--- Exercise input ---

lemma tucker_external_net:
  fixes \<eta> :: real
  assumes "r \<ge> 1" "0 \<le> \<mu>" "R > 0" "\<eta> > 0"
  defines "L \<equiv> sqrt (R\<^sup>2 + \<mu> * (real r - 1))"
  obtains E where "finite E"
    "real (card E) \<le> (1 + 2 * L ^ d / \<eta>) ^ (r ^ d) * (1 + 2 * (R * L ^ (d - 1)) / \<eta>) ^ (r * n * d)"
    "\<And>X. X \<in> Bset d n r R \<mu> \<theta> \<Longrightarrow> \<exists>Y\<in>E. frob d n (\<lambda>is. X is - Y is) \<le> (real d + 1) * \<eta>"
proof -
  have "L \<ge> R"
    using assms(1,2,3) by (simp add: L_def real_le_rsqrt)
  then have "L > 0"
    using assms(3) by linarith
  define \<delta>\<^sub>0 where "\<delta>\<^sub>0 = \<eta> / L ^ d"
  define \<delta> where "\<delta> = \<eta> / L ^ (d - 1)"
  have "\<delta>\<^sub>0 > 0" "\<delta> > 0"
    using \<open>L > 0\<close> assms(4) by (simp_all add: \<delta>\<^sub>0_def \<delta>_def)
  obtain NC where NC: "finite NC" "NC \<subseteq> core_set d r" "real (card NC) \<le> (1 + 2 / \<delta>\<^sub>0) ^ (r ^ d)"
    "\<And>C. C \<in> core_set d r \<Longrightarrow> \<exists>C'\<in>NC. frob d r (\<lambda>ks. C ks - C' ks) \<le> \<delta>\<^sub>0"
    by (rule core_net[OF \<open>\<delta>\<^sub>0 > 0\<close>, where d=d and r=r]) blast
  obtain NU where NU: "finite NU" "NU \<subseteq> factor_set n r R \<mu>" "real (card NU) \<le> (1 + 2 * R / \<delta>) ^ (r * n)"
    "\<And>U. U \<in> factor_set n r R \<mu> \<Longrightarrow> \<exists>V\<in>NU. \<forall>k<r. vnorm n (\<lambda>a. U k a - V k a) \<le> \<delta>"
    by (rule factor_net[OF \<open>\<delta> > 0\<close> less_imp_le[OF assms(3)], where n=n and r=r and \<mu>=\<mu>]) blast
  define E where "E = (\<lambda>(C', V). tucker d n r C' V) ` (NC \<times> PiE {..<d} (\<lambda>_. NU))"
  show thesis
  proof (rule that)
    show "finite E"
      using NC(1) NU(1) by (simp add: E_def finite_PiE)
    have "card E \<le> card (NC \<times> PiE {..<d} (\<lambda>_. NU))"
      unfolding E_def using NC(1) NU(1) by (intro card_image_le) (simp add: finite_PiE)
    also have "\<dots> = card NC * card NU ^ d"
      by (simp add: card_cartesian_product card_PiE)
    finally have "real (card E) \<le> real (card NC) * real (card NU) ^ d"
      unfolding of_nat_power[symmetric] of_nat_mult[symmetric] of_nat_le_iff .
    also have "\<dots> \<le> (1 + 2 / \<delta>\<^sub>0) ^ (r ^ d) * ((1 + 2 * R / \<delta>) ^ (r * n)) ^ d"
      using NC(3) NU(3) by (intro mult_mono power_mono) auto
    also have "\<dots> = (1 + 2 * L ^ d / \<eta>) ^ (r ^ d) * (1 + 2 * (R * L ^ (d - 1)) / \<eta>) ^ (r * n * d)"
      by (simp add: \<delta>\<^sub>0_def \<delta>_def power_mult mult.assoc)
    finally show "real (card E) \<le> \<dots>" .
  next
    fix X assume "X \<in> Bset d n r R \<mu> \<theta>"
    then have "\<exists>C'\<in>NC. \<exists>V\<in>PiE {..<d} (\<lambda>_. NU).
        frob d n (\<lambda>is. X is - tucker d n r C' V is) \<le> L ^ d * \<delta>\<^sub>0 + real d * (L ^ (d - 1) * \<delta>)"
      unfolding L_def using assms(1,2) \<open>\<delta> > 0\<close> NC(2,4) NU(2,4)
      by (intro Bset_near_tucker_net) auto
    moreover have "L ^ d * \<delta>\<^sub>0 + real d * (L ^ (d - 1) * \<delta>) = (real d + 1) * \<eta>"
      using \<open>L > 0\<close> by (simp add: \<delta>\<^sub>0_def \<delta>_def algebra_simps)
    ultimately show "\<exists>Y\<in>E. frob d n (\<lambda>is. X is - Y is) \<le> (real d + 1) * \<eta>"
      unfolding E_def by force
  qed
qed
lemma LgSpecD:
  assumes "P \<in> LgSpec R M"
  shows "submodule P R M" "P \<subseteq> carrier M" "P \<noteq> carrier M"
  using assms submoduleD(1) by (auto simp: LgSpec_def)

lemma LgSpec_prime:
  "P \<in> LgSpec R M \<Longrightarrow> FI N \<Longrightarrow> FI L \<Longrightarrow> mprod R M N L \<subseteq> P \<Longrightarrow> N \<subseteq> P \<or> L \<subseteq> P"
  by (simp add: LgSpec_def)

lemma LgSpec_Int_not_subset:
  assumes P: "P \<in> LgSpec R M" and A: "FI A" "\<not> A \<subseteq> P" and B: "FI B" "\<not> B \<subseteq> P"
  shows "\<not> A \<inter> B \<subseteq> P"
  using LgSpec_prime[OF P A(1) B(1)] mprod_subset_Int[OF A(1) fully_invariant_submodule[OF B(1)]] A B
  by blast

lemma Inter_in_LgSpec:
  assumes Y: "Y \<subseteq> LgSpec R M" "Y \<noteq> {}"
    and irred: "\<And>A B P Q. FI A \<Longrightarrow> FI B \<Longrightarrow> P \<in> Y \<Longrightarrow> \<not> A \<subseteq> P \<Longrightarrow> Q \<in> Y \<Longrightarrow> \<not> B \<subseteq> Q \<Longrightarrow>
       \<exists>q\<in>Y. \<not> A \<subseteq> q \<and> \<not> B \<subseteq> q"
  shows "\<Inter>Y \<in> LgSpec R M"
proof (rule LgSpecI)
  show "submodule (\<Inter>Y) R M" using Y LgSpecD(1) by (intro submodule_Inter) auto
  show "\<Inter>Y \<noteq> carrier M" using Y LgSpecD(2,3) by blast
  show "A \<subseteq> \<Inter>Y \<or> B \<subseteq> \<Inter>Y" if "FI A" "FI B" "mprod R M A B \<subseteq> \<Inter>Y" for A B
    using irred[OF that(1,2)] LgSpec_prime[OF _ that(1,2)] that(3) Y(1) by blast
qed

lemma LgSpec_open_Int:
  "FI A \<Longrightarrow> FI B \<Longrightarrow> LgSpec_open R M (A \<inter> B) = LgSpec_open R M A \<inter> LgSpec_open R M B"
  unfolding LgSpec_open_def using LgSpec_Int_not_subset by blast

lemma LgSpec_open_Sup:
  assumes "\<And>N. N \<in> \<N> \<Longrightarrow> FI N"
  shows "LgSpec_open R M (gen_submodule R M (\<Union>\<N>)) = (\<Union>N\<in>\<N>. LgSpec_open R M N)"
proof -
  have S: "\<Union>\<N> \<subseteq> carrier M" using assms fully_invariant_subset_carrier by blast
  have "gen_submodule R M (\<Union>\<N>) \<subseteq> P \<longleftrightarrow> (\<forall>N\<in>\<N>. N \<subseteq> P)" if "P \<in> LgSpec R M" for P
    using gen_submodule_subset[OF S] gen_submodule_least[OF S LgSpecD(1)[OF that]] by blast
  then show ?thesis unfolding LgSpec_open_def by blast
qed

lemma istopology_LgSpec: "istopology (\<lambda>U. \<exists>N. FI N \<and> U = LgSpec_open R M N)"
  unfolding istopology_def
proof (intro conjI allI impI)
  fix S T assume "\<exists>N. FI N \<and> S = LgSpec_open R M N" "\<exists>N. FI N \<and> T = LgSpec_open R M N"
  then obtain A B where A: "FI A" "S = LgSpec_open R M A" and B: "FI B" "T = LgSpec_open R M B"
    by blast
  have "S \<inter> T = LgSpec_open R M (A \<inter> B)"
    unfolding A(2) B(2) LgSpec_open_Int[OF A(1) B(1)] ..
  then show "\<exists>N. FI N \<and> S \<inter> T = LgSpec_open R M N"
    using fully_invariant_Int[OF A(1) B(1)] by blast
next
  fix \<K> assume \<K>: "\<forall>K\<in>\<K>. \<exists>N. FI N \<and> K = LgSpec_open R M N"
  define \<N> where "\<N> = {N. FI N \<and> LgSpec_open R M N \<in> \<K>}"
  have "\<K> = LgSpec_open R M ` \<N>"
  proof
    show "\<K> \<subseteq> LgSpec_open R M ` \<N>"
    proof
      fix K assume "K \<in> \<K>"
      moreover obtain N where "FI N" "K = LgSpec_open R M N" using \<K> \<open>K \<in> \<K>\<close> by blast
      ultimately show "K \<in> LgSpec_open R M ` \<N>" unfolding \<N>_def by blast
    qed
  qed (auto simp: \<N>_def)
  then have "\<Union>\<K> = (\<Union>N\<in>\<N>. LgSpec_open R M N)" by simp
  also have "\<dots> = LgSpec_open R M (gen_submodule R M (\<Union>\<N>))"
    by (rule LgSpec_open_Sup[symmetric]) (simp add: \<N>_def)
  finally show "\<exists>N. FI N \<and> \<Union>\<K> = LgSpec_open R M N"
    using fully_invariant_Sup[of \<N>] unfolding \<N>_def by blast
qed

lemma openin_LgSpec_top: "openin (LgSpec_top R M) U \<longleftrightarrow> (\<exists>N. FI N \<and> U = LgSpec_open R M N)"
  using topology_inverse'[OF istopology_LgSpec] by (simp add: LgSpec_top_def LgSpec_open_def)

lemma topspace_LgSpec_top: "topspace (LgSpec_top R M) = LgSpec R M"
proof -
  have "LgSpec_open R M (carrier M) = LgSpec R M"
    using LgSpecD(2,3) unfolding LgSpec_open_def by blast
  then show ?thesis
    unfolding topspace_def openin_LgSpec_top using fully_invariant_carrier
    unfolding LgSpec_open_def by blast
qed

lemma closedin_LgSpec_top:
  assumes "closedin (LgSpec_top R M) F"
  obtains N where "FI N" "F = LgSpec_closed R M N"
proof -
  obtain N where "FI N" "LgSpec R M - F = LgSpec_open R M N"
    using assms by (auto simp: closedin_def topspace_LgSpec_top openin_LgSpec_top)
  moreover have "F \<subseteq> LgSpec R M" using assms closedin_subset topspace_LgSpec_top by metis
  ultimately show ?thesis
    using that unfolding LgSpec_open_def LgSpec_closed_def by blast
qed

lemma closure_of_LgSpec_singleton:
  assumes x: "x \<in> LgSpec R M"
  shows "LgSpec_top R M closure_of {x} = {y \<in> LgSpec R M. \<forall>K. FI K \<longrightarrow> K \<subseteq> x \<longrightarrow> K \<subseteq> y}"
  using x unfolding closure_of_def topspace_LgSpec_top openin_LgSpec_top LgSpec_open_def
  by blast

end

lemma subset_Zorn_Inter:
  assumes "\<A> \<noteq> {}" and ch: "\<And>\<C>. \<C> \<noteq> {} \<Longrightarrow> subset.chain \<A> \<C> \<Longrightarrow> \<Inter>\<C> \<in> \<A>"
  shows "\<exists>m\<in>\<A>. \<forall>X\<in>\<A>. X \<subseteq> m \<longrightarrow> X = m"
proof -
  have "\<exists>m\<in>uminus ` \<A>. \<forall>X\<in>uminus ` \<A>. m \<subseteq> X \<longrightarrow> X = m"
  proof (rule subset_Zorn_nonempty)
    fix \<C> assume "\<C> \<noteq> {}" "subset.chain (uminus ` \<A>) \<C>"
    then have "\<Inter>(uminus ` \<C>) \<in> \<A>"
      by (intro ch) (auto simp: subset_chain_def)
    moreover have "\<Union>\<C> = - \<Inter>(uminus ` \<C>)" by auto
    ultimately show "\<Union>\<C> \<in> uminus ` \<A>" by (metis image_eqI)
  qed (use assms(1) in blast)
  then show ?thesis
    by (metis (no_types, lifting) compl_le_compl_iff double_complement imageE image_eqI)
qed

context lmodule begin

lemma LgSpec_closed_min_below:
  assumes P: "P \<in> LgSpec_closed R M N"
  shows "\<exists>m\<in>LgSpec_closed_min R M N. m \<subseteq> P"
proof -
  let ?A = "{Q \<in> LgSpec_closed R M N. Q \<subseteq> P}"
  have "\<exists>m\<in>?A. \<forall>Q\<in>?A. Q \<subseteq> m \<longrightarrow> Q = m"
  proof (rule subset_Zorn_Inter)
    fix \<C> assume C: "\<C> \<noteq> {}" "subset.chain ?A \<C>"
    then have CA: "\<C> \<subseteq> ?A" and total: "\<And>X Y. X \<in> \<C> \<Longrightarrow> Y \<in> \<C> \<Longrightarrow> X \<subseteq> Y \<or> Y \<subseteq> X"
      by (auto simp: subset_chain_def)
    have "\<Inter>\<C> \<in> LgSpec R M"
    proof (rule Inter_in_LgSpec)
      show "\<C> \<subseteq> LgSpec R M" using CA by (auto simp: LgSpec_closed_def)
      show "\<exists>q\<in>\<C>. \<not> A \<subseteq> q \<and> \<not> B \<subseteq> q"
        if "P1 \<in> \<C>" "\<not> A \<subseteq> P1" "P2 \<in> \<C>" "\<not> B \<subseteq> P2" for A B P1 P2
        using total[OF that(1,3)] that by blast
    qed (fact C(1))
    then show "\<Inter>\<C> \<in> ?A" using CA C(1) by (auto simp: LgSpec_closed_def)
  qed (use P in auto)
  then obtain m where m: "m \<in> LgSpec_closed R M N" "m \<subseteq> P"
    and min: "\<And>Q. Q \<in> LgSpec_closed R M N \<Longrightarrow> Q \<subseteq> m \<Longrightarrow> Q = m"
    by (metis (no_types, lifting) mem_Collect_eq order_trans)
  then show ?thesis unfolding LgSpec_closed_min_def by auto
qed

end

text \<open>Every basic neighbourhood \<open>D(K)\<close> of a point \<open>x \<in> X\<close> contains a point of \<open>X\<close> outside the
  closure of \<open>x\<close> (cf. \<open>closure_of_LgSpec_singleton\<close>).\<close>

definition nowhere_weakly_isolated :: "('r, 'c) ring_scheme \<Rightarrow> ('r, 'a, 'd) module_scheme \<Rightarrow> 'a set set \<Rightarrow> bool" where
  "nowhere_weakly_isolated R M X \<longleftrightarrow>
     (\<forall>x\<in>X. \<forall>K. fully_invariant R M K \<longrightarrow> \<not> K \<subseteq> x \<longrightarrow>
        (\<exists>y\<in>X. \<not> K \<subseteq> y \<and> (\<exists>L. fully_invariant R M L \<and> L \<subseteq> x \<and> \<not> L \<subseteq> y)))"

---

Using the data above, repeat exactly the lines that begin at the line with "by (auto simp: subset_chain_def)" and end at the line with "closure of \<open>x\<close>", both ends included.

Problem solution:
      by (auto simp: subset_chain_def)
    have "\<Inter>\<C> \<in> LgSpec R M"
    proof (rule Inter_in_LgSpec)
      show "\<C> \<subseteq> LgSpec R M" using CA by (auto simp: LgSpec_closed_def)
      show "\<exists>q\<in>\<C>. \<not> A \<subseteq> q \<and> \<not> B \<subseteq> q"
        if "P1 \<in> \<C>" "\<not> A \<subseteq> P1" "P2 \<in> \<C>" "\<not> B \<subseteq> P2" for A B P1 P2
        using total[OF that(1,3)] that by blast
    qed (fact C(1))
    then show "\<Inter>\<C> \<in> ?A" using CA C(1) by (auto simp: LgSpec_closed_def)
  qed (use P in auto)
  then obtain m where m: "m \<in> LgSpec_closed R M N" "m \<subseteq> P"
    and min: "\<And>Q. Q \<in> LgSpec_closed R M N \<Longrightarrow> Q \<subseteq> m \<Longrightarrow> Q = m"
    by (metis (no_types, lifting) mem_Collect_eq order_trans)
  then show ?thesis unfolding LgSpec_closed_min_def by auto
qed

end

text \<open>Every basic neighbourhood \<open>D(K)\<close> of a point \<open>x \<in> X\<close> contains a point of \<open>X\<close> outside the
  closure of \<open>x\<close> (cf. \<open>closure_of_LgSpec_singleton\<close>).\<close>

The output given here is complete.